Deploying an industry wide business ethics program for bankers and regulators is imperative to uproot irregularities and cut long-held collusive ties, the chief Asia economist at HIS Global Insight said in Seoul on Tuesday.

“Ethics need to be taught and shared among peer groups. Professionals above graduate level often have never had chances to train themselves on what is right and wrong in specific situations,” Rajiv Biswas, Asia-Pacific head of the world’s largest economic and financial consulting company, said in an interview with The Korea Herald.
 
Economist Rajiv Biswas. (The Korea Herald)
Economist Rajiv Biswas. (The Korea Herald)

Referring to the savings bank scandal here, Biswas advised regulatory bodies to adopt a business ethics program for public servants.

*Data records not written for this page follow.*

lemma entropy_pmf_le_log_card:
  fixes mu :: "'a pmf"
  assumes fin: "finite (set_pmf mu)" and card_le: "real (card (set_pmf mu)) \<le> N"
  shows "entropy_pmf mu \<le> log 2 N"
proof -
  let ?S = "set_pmf mu"
  have "card ?S > 0" using fin set_pmf_not_empty by (simp add: card_gt_0_iff)
  hence N_pos: "N > 0" using card_le by linarith
  have sum_one: "(\<Sum>a\<in>?S. pmf mu a) = 1" using fin by (rule sum_pmf_eq_1) simp
  have pointwise: "pmf mu a * log 2 (1 / pmf mu a) \<le> pmf mu a * log 2 N + (1/N - pmf mu a) / ln 2"
    if "a \<in> ?S" for a
  proof -
    have p: "pmf mu a > 0" using that by (simp add: pmf_positive)
    have "log 2 (1 / pmf mu a) - log 2 N = ln (1 / (pmf mu a * N)) / ln 2"
      using p N_pos by (simp add: log_def ln_div ln_mult diff_divide_distrib)
    also have "\<dots> \<le> (1 / (pmf mu a * N) - 1) / ln 2"
      by (rule divide_right_mono) (use p N_pos in \<open>auto intro!: ln_le_minus_one\<close>)
    finally have "pmf mu a * (log 2 (1 / pmf mu a) - log 2 N)
        \<le> pmf mu a * ((1 / (pmf mu a * N) - 1) / ln 2)"
      using p by (intro mult_left_mono) auto
    also have "\<dots> = (1/N - pmf mu a) / ln 2" using p by (simp add: field_simps)
    finally show ?thesis by (simp add: algebra_simps)
  qed
  have "entropy_pmf mu \<le> (\<Sum>a\<in>?S. pmf mu a * log 2 N + (1/N - pmf mu a) / ln 2)"
    unfolding entropy_pmf_def by (rule sum_mono) (rule pointwise)
  also have "\<dots> = log 2 N * (\<Sum>a\<in>?S. pmf mu a) + (real (card ?S) / N - (\<Sum>a\<in>?S. pmf mu a)) / ln 2"
    by (simp add: sum.distrib sum_distrib_right sum_divide_distrib[symmetric] sum_subtractf
        algebra_simps)
  also have "\<dots> = log 2 N + (real (card ?S) / N - 1) / ln 2"
    using sum_one by simp
  also have "\<dots> \<le> log 2 N"
    using card_le N_pos by (simp add: divide_nonpos_pos)
  finally show ?thesis .
qed
lemma mult_alternating_reciprocal_suminf:
  fixes v :: "nat \<Rightarrow> nat" and N j :: nat
  assumes v: "strict_mono v" "0 < v 0" and dvd: "\<And>i. i < j \<Longrightarrow> v i dvd N"
  shows "\<exists>z::int. real N * (\<Sum>i. (-1) ^ i / real (v i))
           = of_int z + (-1) ^ j * (\<Sum>i. (-1) ^ i * (real N / real (v (i + j))))"
proof -
  define a where "a i = real N / real (v i)" for i
  have a: "a \<longlonglongrightarrow> 0" "\<And>i. 0 \<le> a i" "\<And>i. a (Suc i) \<le> a i"
    unfolding a_def using reciprocal_strict_mono_Leibniz[OF v] by auto
  have v_shift: "strict_mono (\<lambda>i. v (i + j))" "0 < v (0 + j)"
    using v strict_mono_less_eq[OF v(1), of 0 j] by (auto simp: strict_mono_def)
  note summable = summable_Leibniz'(1)[OF a]
  have "real N * (\<Sum>i. (-1) ^ i / real (v i)) = (\<Sum>i. (-1) ^ i * a i)"
    using summable_Leibniz'(1)[OF reciprocal_strict_mono_Leibniz[OF v, of 1]]
    by (subst suminf_mult[symmetric]) (auto simp: a_def mult_ac)
  also have "\<dots> = (\<Sum>i. (-1) ^ (i + j) * a (i + j)) + (\<Sum>i<j. (-1) ^ i * a i)"
    using suminf_split_initial_segment[OF summable] .
  also have "(\<Sum>i. (-1) ^ (i + j) * a (i + j)) = (-1) ^ j * (\<Sum>i. (-1) ^ i * a (i + j))"
    using summable_Leibniz'(1)[OF reciprocal_strict_mono_Leibniz[OF v_shift, of "real N"]]
    by (subst suminf_mult[symmetric]) (auto simp: a_def power_add mult_ac)
  finally have split: "real N * (\<Sum>i. (-1) ^ i / real (v i))
      = (-1) ^ j * (\<Sum>i. (-1) ^ i * a (i + j)) + (\<Sum>i<j. (-1) ^ i * a i)" .
  have "(\<Sum>i<j. (-1) ^ i * a i) \<in> \<int>"
  proof (rule Ints_sum)
    fix i assume "i \<in> {..<j}"
    then obtain c where "N = v i * c"
      using dvd by (auto elim: dvdE)
    then have "(-1) ^ i * a i = (-1) ^ i * real c"
      using strict_mono_less_eq[OF v(1), of 0 i] v(2) by (simp add: a_def)
    then show "(-1) ^ i * a i \<in> \<int>"
      by simp
  qed
  then obtain z where "(\<Sum>i<j. (-1) ^ i * a i) = of_int z"
    by (auto elim: Ints_cases)
  then show ?thesis
    using split by (auto simp: a_def)
qed
text \<open>Multiplication: y^A * y^B = y^(A \<union> B) if A, B disjoint, and 0 otherwise.\<close>
definition kmul :: "kel \<Rightarrow> kel \<Rightarrow> kel" where
  "kmul f g = (\<lambda>T. \<Sum>A\<in>Pow T. f A * g (T - A))"

fun kpow :: "kel \<Rightarrow> nat \<Rightarrow> kel" where
  "kpow u 0 = kone"
| "kpow u (Suc k) = kmul u (kpow u k)"

text \<open>The monomial y^S, and x^S = prod_{i in S} x_i = prod_{i in S} (1 + y_i).\<close>
definition ymon :: "nat set \<Rightarrow> kel" where "ymon S = (\<lambda>T. if T = S then 1 else 0)"
definition xmon :: "nat set \<Rightarrow> kel" where "xmon S = (\<lambda>T. if T \<subseteq> S then 1 else 0)"

definition esym :: "nat \<Rightarrow> kel" where
  "esym k = (\<lambda>T. if T \<subseteq> idx4 \<and> card T = k then 1 else 0)"

definition xcomb :: "(nat set \<Rightarrow> int) \<Rightarrow> kel" where
  "xcomb n = (\<lambda>T. \<Sum>S\<in>Pow idx4. n S * xmon S T)"

definition rank_x :: "(nat set \<Rightarrow> int) \<Rightarrow> int" where
  "rank_x n = (\<Sum>S\<in>Pow idx4. n S)"

text \<open>Formal power series in t with coefficients in K(X_E).\<close>
type_synonym kps = "nat \<Rightarrow> kel"

definition ps_one :: kps where "ps_one = (\<lambda>k. if k = 0 then kone else kzero)"
definition ps_mul :: "kps \<Rightarrow> kps \<Rightarrow> kps" where
  "ps_mul P Q = (\<lambda>n T. \<Sum>k\<le>n. kmul (P k) (Q (n - k)) T)"

text \<open>(1 + u t)^m for an integer m (u nilpotent), via generalized binomial coefficients
  (ibinom m k = m(m-1)...(m-k+1)/k!, an exact division).\<close>
definition ibinom :: "int \<Rightarrow> nat \<Rightarrow> int" where
  "ibinom m k = (\<Prod>i<k. m - int i) div fact k"

definition binom_ps :: "kel \<Rightarrow> int \<Rightarrow> kps" where
  "binom_ps u m = (\<lambda>k. ksmul (ibinom m k) (kpow u k))"

definition subsets4 :: "nat set list" where
  "subsets4 = map set (subseqs [1,2,3,4])"

text \<open>Gamma series of a rank-zero element a = sum_S n(S) x^S = sum_S n(S) (x^S - 1):
  gamma_t(a) = prod_S gamma_t(x^S - 1)^(n S), with gamma_t(L - 1) = 1 + (L - 1) t
  for a line bundle L (x^S is a line bundle class).\<close>
definition gamma_ps :: "(nat set \<Rightarrow> int) \<Rightarrow> kps" where
  "gamma_ps n = foldr ps_mul
     (map (\<lambda>S. binom_ps (kadd (xmon S) (kneg kone)) (n S)) subsets4) ps_one"
theorem corollary2p4:
  fixes t :: real and f g :: "complex \<Rightarrow> complex"
  assumes "1/2 < t" and "t < 1"
    and "normalized_univalent f"
    and "inverse_extension f g"
    and "subordinate (deriv f) (cheb_gen t)"
    and "subordinate (deriv g) (cheb_gen t)"
  shows "norm (taylor_coeff f 3 - (taylor_coeff f 2)^2) \<le> 4 * t / 3"
proof -
  obtain u where u: "schwarz_function u" "\<forall>z\<in>ball 0 1. deriv f z = cheb_gen t (u z)"
    using assms(5) by (rule subordinateE)
  obtain v where v: "schwarz_function v" "\<forall>z\<in>ball 0 1. deriv g z = cheb_gen t (v z)"
    using assms(6) by (rule subordinateE)
  have t_range: "\<bar>t\<bar> < 1" and t_nonzero: "t \<noteq> 0"
    using assms(1,2) by auto
  have "norm (deriv (deriv u) 0 - deriv (deriv v) 0) \<le> 4"
    using norm_triangle_ineq4 norm_deriv2_schwarz_function_le[OF u(1)]
      norm_deriv2_schwarz_function_le[OF v(1)] by (smt (verit))
  then have "norm (taylor_coeff f 3 - (taylor_coeff f 2)^2) \<le> t * 4 / 6"
    unfolding taylor_coeff_3_minus_square_eq[OF t_range t_nonzero assms(3,4) u v]
    using assms(1) by (simp add: norm_mult norm_divide mult_left_mono divide_right_mono)
  also have "\<dots> \<le> 4 * t / 3"
    using assms(1) by simp
  finally show ?thesis .
qed

end
(* For the ring grooming instance with $n=15$, $c=1$ and uniform traffic $d_{jk}=1$ for all $j\ne k$, the minimum number of ADMs is $m=105$, attained by a routing using $35$ rings with exactly three ADMs each.
   Context: Ring grooming. An instance consists of integers $n\ge 2$ (ring size) and $c\ge 1$ (capacity), and a finite list $L$ of unordered pairs $\{j,k\}$ with $j\ne k$, $j,k\in\{1,\dots,n\}$ (repetitions allowed); these are the traffic demands. Let $d_{jk}=d_{kj}$ be the number of times $\{j,k\}$ occurs in $L$ (the traffic matrix; $d_{jj}=0$). Let $C_n$ be the cycle graph on vertices $1,\dots,n$ in cyclic order, with edges $\{l,l+1\}$ for $1\le l<n$ and $\{n,1\}$. A solution uses some finite number $r$ of "rings", each a copy of $C_n$ in which every edge has capacity $c$. A routing specifies, for every ring $i$ and every pair $j<k$, nonnegative integers $t^0_{ijk},t^1_{ijk}$: the amounts of $\{j,k\}$-traffic sent on ring $i$ along each of the two arcs of $C_n$ between $j$ and $k$. It is feasible if $\sum_i (t^0_{ijk}+t^1_{ijk})=d_{jk}$ for all $j<k$, and for every ring $i$ and every edge $e$ of $C_n$ the total traffic routed on ring $i$ along arcs containing $e$ is at most $c$. Ring $i$ needs an ADM (add/drop multiplexer) at vertex $j$ iff some traffic with endpoint $j$ is routed on ring $i$. The cost of a routing is the total number of ADMs, i.e. the number of pairs (ring $i$, vertex $j$) at which an ADM is needed. $m=m(n,c,L)$ denotes the minimum cost over all feasible routings. *)

theory Defs
  imports Main
begin

text \<open>Vertices of the cycle C_n are 1..n; edge l (1 \<le> l \<le> n) is
  {l, l+1} for l < n and {n, 1} for l = n.
  A routing with r rings is a function t with t b i j k the amount of {j,k}-traffic
  (j < k) routed on ring i (i < r) along arc b (b \<in> {0,1}).  Values of t outside
  these index ranges are irrelevant.\<close>

definition on_arc :: "nat \<Rightarrow> nat \<Rightarrow> nat \<Rightarrow> nat \<Rightarrow> bool" where
  "on_arc b j k l = (if b = 0 then j \<le> l \<and> l < k else \<not> (j \<le> l \<and> l < k))"

definition pairs :: "nat \<Rightarrow> (nat \<times> nat) set" where
  "pairs n = {(j, k). 1 \<le> j \<and> j < k \<and> k \<le> n}"

definition feasible ::
  "nat \<Rightarrow> nat \<Rightarrow> (nat \<Rightarrow> nat \<Rightarrow> nat) \<Rightarrow> nat \<Rightarrow> (nat \<Rightarrow> nat \<Rightarrow> nat \<Rightarrow> nat \<Rightarrow> nat) \<Rightarrow> bool" where
  "feasible n c d r t \<longleftrightarrow>
     (\<forall>(j, k) \<in> pairs n. (\<Sum>i<r. t 0 i j k + t 1 i j k) = d j k) \<and>
     (\<forall>i<r. \<forall>l\<in>{1..n}.
        (\<Sum>(j, k) \<in> pairs n. \<Sum>b\<in>{0::nat, 1}. if on_arc b j k l then t b i j k else 0) \<le> c)"

definition adms :: "nat \<Rightarrow> (nat \<Rightarrow> nat \<Rightarrow> nat \<Rightarrow> nat \<Rightarrow> nat) \<Rightarrow> nat \<Rightarrow> nat set" where
  "adms n t i = {v \<in> {1..n}. \<exists>(j, k) \<in> pairs n. (v = j \<or> v = k) \<and> t 0 i j k + t 1 i j k > 0}"

definition cost :: "nat \<Rightarrow> nat \<Rightarrow> (nat \<Rightarrow> nat \<Rightarrow> nat \<Rightarrow> nat \<Rightarrow> nat) \<Rightarrow> nat" where
  "cost n r t = (\<Sum>i<r. card (adms n t i))"

definition min_ADM :: "nat \<Rightarrow> nat \<Rightarrow> (nat \<Rightarrow> nat \<Rightarrow> nat) \<Rightarrow> nat" where
  "min_ADM n c d = (LEAST m. \<exists>r t. feasible n c d r t \<and> cost n r t = m)"

definition uniform_traffic :: "nat \<Rightarrow> nat \<Rightarrow> nat" where
  "uniform_traffic j k = (if j \<noteq> k then 1 else 0)"

end

theory Submission
  imports Defs
begin

text \<open>Lower bound: an arc with endpoint v uses one of the two ring edges at v, so a ring with an
  ADM at v carries at most 2c units of traffic ending at v, and a ring without one carries none.
  Summing over v counts every demand twice, so under uniform traffic \<open>n (n - 1) \<le> 2c \<cdot> cost\<close>,
  i.e. \<open>210 \<le> 2 \<cdot> cost\<close>.
  Upper bound: the 35 lines of \<open>PG(3, 2)\<close> form a Steiner triple system on 15 points, i.e. they
  partition the edges of \<open>K\<^sub>1\<^sub>5\<close> into triangles, and a triangle fits on one ring of
  capacity 1 using 3 ADMs.\<close>

definition incident :: "nat \<Rightarrow> nat \<Rightarrow> (nat \<times> nat) set" where
  "incident n v = {(j, k) \<in> pairs n. j = v \<or> k = v}"

lemma finite_pairs: "finite (pairs n)"
  by (rule finite_subset[of _ "{1..n} \<times> {1..n}"]) (auto simp: pairs_def)

lemma incident_subset_pairs: "incident n v \<subseteq> pairs n"
  by (auto simp: incident_def)

lemma card_incident:
  assumes "v \<in> {1..n}"
  shows "card (incident n v) = n - 1"
proof -
  have "bij_betw (\<lambda>w. (min v w, max v w)) ({1..n} - {v}) (incident n v)"
  proof (rule bij_betw_imageI)
    show "inj_on (\<lambda>w. (min v w, max v w)) ({1..n} - {v})"
      by (auto simp: inj_on_def min_def max_def split: if_splits)
    show "(\<lambda>w. (min v w, max v w)) ` ({1..n} - {v}) = incident n v"
    proof (intro equalityI subsetI)
      fix p assume "p \<in> incident n v"
      then show "p \<in> (\<lambda>w. (min v w, max v w)) ` ({1..n} - {v})"
        by (intro image_eqI[where x = "if fst p = v then snd p else fst p"])
          (auto simp: incident_def pairs_def)
    qed (use assms in \<open>auto simp: incident_def pairs_def min_def max_def split: if_splits\<close>)
  qed
  then show ?thesis
    using assms by (simp flip: bij_betw_same_card)
qed
(* Let $v,d\in\mathbb{C}$ with $d\neq0$, $v\neq0$, and let $V(v,d)\subset\mathbb{C}P^2$ be the quartic curve $Xu_0^2-2v(u_2^2+u_1^2)u_2u_0+Xu_2^2=0$, where $X=du_2^2+2vu_1u_2+du_1^2$. If $d\neq\pm2v$, the only singular points of $V(v,d)$ are $[1,0,0]$ and $[0,1,0]$ and $V(v,d)$ is an irreducible quartic curve; moreover, if $d^2\neq v^2$ both singular points are nodes, and if $d^2=v^2$ both are ordinary cusps. If $d=2v$, then $V(v,d)$ is irreducible and has exactly one singular point $[1,-1,1]$ in addition to $[1,0,0],[0,1,0]$, and this point is a node. If $d=-2v$, then $V(v,d)$ is irreducible and has exactly one singular point $[-1,1,1]$ in addition to $[1,0,0],[0,1,0]$, and this point is a node.
   Context: Coordinates $[u_0,u_1,u_2]$ on $\mathbb{C}P^2$. A singular point of the curve is a point where all partial derivatives of the defining polynomial vanish. *)

theory Defs
  imports "HOL-Analysis.Analysis" "HOL-Computational_Algebra.Polynomial"
begin

text \<open>Homogeneous polynomials in C[u0,u1,u2] are represented as nested univariate
  polynomials: the type complex poly poly poly is ((C[u0])[u1])[u2].
  Points of C^3 (homogeneous coordinates) are vectors complex^3 with components
  x$0, x$1, x$2 standing for u0, u1, u2.\<close>

type_synonym cpoly3 = "complex poly poly poly"

definition cst3 :: "complex \<Rightarrow> cpoly3" where
  "cst3 c = [:[:[:c:]:]:]"

definition U0 :: cpoly3 where "U0 = [:[:[:0, 1:]:]:]"
definition U1 :: cpoly3 where "U1 = [:[:0, 1:]:]"
definition U2 :: cpoly3 where "U2 = [:0, 1:]"

definition ev3 :: "cpoly3 \<Rightarrow> complex^3 \<Rightarrow> complex" where
  "ev3 F x = poly (poly (poly F [:[:x$2:]:]) [:x$1:]) (x$0)"

definition pd3 :: "3 \<Rightarrow> cpoly3 \<Rightarrow> cpoly3" where
  "pd3 i F = (if i = 0 then map_poly (map_poly pderiv) F
              else if i = 1 then map_poly pderiv F
              else pderiv F)"

definition pt3 :: "complex \<Rightarrow> complex \<Rightarrow> complex \<Rightarrow> complex^3" where
  "pt3 a b c = (\<chi> i. if i = 0 then a else if i = 1 then b else c)"

definition proj_eq :: "complex^3 \<Rightarrow> complex^3 \<Rightarrow> bool" where
  "proj_eq x y \<longleftrightarrow> (\<exists>c. c \<noteq> 0 \<and> x = c *s y)"

definition singular_pt :: "cpoly3 \<Rightarrow> complex^3 \<Rightarrow> bool" where
  "singular_pt F p \<longleftrightarrow> p \<noteq> 0 \<and> ev3 F p = 0 \<and> (\<forall>i. ev3 (pd3 i F) p = 0)"

text \<open>Quadratic and cubic Taylor terms of F at p: F(p + x) = F(p) + ... + tq F p x + tc F p x + ...\<close>
definition tq :: "cpoly3 \<Rightarrow> complex^3 \<Rightarrow> complex^3 \<Rightarrow> complex" where
  "tq F p x = (1/2) * (\<Sum>i\<in>UNIV. \<Sum>j\<in>UNIV. ev3 (pd3 i (pd3 j F)) p * x$i * x$j)"

definition tc :: "cpoly3 \<Rightarrow> complex^3 \<Rightarrow> complex^3 \<Rightarrow> complex" where
  "tc F p x = (1/6) * (\<Sum>i\<in>UNIV. \<Sum>j\<in>UNIV. \<Sum>k\<in>UNIV.
                 ev3 (pd3 i (pd3 j (pd3 k F))) p * x$i * x$j * x$k)"

definition linf :: "complex^3 \<Rightarrow> complex^3 \<Rightarrow> complex" where
  "linf l x = (\<Sum>i\<in>UNIV. l$i * x$i)"

text \<open>Node: a singular point whose tangent cone (quadratic Taylor term) is a product
  of two linearly independent linear forms (two distinct tangent lines).\<close>
definition is_node :: "cpoly3 \<Rightarrow> complex^3 \<Rightarrow> bool" where
  "is_node F p \<longleftrightarrow> singular_pt F p \<and>
     (\<exists>l1 l2. (\<forall>a b. a *s l1 + b *s l2 = 0 \<longrightarrow> a = 0 \<and> b = 0) \<and>
              (\<forall>x. tq F p x = linf l1 x * linf l2 x))"

text \<open>Ordinary cusp: a singular point whose tangent cone is a double line l^2 (l nonzero)
  and such that the tangent line meets the curve at p with multiplicity exactly 3,
  i.e. the cubic Taylor term does not vanish identically on the tangent line.\<close>
definition is_ordinary_cusp :: "cpoly3 \<Rightarrow> complex^3 \<Rightarrow> bool" where
  "is_ordinary_cusp F p \<longleftrightarrow> singular_pt F p \<and>
     (\<exists>l. l \<noteq> 0 \<and> (\<forall>x. tq F p x = (linf l x)^2) \<and>
          (\<exists>w. linf l w = 0 \<and> tc F p w \<noteq> 0))"

definition Xpoly :: "complex \<Rightarrow> complex \<Rightarrow> cpoly3" where
  "Xpoly a b = cst3 b * U2^2 + cst3 (2*a) * U1 * U2 + cst3 b * U1^2"

definition Vpoly :: "complex \<Rightarrow> complex \<Rightarrow> cpoly3" where
  "Vpoly a b = Xpoly a b * U0^2 - cst3 (2*a) * (U2^2 + U1^2) * U2 * U0 + Xpoly a b * U2^2"

end

theory Submission
  imports Defs
begin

“Junior bureaucrats and public servants need to be shown examples from their bosses and only when they have such environment could there be clean practices,” the Indian economist with decades long experience in the sector said.

Collusive ties between banks and auditors at regulatory bodies have been cited as the biggest problem to have triggered the corruption scandal in Korea’s secondary banking sector. In February, the nation’s watchdog, the Financial Supervisory Services, suspended the operation of eight troubled savings banks. But the incident shed light on bribery scandals involving savings banks’ executives, as well as FSS former and incumbent officials. The government has begun its reform of the watchdog to eliminate long-held collusive ties between the agency and the banking industry.

Mindful of the issue of breaking up the regulatory power currently held at the FSS, Biswas said the process should be carefully designed not to erode efficiency.

“Having multiple regulatory bodies could be inefficient especially if the communication channels are not coordinated. This was the case of the U.S.,” he said.

The Lee Myung-bak administration has been pushing to overhaul the financial regulatory system which would give the Bank of Korea more regulatory power over banks and financial services companies. The central bank is tasked with keeping inflation in check and stabilizing the foreign exchange market.